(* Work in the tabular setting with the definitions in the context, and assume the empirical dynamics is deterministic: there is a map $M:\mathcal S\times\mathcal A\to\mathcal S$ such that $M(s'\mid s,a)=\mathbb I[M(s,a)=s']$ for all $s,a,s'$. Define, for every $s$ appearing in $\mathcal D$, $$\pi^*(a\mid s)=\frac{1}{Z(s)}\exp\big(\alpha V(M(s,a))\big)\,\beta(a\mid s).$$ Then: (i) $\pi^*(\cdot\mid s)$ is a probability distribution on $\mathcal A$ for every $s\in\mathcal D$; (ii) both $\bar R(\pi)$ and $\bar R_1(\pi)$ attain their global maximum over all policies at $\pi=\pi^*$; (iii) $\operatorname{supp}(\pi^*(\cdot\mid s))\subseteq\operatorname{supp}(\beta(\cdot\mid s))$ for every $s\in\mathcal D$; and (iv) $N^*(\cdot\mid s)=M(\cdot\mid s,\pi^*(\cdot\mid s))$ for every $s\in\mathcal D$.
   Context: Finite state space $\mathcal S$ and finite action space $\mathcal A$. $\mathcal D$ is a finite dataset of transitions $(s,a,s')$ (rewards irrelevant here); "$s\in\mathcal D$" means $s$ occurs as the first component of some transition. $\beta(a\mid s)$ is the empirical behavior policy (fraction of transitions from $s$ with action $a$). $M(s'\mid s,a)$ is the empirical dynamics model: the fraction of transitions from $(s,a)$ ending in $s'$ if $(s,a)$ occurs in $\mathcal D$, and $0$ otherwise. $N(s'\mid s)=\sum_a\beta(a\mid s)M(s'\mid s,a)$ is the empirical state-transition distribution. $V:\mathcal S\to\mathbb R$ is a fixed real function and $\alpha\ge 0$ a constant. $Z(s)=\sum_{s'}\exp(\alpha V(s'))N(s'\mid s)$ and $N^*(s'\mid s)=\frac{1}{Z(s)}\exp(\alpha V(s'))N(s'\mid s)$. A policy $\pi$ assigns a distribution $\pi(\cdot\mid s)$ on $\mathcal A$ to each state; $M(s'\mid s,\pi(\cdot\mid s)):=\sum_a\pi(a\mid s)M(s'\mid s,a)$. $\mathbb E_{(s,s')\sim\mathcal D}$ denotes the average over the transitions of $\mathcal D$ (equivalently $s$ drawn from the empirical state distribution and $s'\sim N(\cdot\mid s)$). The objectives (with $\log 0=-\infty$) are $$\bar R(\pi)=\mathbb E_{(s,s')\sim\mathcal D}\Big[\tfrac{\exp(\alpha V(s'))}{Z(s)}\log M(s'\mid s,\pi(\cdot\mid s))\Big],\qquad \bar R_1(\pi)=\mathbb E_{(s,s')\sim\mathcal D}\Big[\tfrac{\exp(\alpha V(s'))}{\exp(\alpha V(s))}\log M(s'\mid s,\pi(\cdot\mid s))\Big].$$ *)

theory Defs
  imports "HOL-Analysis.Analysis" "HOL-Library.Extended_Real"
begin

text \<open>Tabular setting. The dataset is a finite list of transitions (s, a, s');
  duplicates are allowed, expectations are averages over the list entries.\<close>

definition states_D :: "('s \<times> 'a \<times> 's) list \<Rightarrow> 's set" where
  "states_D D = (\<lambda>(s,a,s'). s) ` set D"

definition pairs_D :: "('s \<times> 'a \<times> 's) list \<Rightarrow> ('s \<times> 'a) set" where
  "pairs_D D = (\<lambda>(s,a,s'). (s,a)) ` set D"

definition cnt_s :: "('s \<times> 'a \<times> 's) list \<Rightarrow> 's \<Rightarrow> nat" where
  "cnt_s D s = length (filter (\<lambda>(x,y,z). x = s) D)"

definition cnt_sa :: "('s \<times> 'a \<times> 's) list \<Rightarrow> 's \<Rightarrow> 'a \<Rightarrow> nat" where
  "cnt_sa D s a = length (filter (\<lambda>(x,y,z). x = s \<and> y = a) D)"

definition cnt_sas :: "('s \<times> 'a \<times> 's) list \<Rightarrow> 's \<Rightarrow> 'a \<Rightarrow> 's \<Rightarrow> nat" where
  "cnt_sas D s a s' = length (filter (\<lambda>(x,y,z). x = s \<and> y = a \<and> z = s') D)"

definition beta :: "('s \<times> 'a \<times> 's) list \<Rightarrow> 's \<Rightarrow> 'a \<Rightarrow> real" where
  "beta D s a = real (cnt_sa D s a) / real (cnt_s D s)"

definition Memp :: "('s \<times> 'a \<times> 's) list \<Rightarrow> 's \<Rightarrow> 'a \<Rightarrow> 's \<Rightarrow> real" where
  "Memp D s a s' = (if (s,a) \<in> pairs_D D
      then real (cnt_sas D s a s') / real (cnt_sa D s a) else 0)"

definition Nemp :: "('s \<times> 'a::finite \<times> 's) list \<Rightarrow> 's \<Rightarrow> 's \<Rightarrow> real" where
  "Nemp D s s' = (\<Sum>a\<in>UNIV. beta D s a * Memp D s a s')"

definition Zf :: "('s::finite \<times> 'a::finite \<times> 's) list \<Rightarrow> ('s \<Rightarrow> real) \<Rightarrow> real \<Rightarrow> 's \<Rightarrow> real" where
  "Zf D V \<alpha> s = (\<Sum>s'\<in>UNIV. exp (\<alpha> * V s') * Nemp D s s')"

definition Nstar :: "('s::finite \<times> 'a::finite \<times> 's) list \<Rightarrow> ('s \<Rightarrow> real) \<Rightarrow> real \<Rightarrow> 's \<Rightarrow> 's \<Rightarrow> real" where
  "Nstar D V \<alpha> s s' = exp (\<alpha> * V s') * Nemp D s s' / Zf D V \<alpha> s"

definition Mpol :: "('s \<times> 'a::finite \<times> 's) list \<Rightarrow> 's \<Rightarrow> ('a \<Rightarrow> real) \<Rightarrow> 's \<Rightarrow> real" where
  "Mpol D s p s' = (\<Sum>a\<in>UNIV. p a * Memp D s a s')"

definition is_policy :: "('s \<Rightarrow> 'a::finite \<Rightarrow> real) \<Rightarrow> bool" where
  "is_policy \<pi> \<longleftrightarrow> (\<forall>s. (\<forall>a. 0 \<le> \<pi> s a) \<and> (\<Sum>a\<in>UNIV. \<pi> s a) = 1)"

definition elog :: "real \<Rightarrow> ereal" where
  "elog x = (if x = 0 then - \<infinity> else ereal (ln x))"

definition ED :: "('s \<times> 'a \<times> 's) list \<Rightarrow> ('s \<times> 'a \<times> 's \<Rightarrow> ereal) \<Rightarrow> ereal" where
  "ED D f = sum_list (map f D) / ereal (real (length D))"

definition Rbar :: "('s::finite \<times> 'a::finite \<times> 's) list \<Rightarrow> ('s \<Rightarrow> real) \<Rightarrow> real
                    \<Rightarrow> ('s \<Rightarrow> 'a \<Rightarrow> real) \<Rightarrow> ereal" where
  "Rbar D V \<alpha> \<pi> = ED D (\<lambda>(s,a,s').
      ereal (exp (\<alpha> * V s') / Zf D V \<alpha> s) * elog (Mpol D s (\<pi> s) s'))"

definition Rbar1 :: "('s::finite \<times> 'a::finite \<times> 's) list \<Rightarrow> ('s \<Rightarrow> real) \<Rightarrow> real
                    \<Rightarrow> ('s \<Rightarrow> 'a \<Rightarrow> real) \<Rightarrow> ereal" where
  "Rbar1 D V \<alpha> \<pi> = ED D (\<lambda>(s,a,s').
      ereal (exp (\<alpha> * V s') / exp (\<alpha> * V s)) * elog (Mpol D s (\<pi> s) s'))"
---
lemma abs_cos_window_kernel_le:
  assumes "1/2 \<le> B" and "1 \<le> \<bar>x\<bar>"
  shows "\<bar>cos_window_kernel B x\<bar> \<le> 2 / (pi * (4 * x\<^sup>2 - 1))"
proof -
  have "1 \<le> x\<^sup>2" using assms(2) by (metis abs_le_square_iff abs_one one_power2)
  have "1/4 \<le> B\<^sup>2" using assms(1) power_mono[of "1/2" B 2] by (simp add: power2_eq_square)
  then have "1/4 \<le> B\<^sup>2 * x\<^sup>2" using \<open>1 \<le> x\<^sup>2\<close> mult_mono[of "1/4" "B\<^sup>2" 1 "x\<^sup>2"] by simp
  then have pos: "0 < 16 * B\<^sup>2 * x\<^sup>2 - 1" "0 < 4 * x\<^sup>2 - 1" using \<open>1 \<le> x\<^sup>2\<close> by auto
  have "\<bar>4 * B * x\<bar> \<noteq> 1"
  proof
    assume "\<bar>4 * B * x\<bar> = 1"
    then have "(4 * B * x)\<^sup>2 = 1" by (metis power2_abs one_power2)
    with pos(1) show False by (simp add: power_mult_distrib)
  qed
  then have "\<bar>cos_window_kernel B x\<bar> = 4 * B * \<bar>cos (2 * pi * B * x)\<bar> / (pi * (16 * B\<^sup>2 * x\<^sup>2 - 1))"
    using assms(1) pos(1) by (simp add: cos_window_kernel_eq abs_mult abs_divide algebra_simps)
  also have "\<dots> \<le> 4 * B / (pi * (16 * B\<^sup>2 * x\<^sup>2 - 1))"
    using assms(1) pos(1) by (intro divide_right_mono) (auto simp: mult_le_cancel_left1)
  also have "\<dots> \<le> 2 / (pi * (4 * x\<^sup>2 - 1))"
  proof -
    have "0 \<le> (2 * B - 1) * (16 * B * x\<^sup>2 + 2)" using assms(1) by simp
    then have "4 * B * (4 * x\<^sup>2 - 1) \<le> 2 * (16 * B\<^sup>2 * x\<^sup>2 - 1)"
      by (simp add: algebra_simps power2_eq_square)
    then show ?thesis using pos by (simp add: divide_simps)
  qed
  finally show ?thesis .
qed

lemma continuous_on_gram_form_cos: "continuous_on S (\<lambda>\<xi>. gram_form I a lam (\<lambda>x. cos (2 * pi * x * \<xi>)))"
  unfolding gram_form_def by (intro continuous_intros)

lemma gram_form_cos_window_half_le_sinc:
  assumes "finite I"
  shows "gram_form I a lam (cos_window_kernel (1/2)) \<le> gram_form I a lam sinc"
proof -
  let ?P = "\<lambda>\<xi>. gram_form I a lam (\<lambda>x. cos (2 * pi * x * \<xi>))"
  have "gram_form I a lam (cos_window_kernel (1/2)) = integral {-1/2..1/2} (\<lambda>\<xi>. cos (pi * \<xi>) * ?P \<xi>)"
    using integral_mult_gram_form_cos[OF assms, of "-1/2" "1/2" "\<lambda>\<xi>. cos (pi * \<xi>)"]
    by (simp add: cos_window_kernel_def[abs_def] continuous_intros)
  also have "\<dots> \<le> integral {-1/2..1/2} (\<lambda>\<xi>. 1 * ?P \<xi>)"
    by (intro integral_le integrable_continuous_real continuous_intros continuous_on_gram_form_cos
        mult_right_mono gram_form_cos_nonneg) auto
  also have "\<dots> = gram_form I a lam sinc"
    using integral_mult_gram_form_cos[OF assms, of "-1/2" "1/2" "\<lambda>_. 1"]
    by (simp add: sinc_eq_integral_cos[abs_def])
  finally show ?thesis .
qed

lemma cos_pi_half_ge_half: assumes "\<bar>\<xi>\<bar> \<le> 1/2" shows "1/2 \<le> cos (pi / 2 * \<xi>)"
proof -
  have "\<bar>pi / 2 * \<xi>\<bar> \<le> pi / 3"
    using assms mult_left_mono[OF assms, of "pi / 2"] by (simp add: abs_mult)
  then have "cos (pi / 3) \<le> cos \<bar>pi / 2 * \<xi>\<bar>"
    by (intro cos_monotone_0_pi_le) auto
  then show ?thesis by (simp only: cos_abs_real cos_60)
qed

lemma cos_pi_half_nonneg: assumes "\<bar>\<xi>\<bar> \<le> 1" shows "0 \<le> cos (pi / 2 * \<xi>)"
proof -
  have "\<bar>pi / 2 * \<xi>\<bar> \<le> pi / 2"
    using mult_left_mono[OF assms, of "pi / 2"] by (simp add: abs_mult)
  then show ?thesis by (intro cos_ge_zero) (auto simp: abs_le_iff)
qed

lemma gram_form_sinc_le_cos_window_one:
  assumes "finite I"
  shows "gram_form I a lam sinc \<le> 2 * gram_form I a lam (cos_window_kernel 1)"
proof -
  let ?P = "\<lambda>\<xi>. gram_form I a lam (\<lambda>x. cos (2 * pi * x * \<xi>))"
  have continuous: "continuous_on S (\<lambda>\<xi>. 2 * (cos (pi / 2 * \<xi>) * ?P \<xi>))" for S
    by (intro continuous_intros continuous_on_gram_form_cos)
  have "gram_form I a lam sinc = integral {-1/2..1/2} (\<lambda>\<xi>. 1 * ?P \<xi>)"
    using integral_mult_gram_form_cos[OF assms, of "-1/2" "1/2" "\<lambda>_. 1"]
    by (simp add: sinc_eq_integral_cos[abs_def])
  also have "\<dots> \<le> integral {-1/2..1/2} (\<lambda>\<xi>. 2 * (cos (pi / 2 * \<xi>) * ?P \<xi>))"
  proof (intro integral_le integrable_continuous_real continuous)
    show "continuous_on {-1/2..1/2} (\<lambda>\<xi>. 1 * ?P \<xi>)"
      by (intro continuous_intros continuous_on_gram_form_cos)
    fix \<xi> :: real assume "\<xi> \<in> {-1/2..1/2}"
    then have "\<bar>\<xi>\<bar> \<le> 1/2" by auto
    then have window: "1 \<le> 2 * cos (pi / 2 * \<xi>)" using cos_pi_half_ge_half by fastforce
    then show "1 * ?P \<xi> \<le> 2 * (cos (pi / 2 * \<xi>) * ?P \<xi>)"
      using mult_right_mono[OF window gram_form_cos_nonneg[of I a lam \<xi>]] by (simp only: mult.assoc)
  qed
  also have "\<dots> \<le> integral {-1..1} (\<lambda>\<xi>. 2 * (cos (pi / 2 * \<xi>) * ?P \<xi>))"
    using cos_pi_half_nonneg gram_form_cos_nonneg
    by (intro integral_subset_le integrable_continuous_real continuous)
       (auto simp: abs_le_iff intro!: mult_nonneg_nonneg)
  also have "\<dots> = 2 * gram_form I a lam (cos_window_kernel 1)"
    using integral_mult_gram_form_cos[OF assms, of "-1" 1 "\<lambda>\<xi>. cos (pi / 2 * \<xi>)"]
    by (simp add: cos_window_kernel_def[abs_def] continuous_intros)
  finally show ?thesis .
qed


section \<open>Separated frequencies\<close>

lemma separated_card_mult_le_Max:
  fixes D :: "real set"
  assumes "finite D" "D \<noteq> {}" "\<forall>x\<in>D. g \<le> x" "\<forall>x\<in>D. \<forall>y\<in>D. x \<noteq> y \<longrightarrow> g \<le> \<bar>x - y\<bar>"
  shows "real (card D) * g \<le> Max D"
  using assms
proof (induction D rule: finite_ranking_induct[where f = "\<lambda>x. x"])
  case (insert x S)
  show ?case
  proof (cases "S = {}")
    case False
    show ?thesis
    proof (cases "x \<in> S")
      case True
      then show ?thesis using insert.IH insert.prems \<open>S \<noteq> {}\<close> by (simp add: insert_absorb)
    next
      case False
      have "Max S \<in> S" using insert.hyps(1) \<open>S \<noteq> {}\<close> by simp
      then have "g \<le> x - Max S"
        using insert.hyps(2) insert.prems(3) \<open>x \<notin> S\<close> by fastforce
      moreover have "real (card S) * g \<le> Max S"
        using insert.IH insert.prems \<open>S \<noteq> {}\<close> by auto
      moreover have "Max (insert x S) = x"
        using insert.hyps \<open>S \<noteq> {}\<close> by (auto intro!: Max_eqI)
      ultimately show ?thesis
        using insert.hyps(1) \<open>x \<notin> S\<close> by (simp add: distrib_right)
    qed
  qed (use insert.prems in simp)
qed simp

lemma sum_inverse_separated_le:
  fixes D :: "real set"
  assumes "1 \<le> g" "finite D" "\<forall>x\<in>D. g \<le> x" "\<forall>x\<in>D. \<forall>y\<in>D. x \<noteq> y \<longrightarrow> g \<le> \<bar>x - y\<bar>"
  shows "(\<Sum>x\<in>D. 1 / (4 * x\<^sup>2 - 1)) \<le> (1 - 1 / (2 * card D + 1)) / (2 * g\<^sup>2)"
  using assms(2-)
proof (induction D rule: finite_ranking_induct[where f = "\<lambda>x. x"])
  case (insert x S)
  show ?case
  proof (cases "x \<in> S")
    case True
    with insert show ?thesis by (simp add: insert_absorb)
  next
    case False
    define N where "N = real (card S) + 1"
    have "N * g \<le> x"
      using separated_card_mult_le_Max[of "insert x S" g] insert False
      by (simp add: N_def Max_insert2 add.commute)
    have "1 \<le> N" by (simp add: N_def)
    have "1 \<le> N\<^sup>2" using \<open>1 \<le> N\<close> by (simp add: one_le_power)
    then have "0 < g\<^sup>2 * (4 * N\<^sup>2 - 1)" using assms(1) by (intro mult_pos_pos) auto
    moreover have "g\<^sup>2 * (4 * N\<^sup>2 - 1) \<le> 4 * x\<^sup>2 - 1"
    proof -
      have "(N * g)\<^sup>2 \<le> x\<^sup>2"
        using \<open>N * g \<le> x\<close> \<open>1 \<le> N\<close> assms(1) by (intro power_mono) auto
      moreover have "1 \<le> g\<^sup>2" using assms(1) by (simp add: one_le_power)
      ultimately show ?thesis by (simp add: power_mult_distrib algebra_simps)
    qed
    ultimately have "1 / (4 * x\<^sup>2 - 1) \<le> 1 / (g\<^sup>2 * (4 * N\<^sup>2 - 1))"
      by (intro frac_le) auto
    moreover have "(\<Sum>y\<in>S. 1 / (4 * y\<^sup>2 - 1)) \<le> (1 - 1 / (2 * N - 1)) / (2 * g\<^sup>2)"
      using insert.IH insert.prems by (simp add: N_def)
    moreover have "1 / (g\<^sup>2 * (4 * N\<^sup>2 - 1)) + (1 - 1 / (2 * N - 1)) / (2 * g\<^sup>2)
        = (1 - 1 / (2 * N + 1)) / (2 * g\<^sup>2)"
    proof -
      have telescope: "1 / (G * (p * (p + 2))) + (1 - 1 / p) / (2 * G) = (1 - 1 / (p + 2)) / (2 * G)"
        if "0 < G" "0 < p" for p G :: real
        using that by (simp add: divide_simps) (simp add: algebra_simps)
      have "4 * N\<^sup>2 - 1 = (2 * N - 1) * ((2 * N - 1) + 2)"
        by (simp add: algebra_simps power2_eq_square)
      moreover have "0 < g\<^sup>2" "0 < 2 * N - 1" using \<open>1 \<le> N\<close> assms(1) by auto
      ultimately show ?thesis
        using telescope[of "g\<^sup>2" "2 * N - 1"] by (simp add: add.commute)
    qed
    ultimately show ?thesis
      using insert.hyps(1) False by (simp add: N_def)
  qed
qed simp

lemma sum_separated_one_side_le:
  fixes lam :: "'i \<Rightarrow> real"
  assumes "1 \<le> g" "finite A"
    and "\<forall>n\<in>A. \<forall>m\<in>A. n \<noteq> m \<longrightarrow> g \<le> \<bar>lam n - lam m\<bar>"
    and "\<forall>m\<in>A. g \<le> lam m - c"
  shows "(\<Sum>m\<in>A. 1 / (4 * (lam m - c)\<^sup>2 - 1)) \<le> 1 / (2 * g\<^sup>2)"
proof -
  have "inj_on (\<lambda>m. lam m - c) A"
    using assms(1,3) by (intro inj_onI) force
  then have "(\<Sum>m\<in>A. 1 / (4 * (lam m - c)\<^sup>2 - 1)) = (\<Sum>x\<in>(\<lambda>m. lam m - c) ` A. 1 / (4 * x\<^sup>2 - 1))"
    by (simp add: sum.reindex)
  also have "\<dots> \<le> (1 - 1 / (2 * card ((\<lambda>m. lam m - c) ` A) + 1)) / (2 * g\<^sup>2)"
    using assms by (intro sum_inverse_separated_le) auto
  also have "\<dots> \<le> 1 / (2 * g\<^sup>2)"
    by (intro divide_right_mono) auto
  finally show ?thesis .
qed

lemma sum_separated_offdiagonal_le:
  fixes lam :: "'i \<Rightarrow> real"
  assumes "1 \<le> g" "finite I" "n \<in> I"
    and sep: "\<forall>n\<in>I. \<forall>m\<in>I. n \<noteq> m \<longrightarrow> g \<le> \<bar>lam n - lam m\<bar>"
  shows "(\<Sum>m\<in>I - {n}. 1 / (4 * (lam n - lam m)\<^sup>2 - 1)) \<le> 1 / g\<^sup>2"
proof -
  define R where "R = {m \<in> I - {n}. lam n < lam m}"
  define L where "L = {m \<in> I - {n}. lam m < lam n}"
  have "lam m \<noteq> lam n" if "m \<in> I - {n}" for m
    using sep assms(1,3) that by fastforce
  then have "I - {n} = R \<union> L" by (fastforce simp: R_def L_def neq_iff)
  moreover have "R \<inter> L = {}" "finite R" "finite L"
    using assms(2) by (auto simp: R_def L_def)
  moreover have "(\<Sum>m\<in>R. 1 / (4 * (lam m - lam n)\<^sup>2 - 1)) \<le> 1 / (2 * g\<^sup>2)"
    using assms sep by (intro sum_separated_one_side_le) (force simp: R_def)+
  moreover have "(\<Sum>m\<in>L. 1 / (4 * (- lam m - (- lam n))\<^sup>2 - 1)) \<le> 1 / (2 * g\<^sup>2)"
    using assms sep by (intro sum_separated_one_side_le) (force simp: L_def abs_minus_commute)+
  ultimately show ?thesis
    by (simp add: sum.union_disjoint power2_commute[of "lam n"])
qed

## WHAT THE EXERCISE ASKS
Would you quote everything above from the line containing "using insert.hyps(1) \<open>S" down to the line containing "qed (use insert.prems in simp)"? Include both of those lines and nothing else.

## SOLUTION BELOW
      have "Max S \<in> S" using insert.hyps(1) \<open>S \<noteq> {}\<close> by simp
      then have "g \<le> x - Max S"
        using insert.hyps(2) insert.prems(3) \<open>x \<notin> S\<close> by fastforce
      moreover have "real (card S) * g \<le> Max S"
        using insert.IH insert.prems \<open>S \<noteq> {}\<close> by auto
      moreover have "Max (insert x S) = x"
        using insert.hyps \<open>S \<noteq> {}\<close> by (auto intro!: Max_eqI)
      ultimately show ?thesis
        using insert.hyps(1) \<open>x \<notin> S\<close> by (simp add: distrib_right)
    qed
  qed (use insert.prems in simp)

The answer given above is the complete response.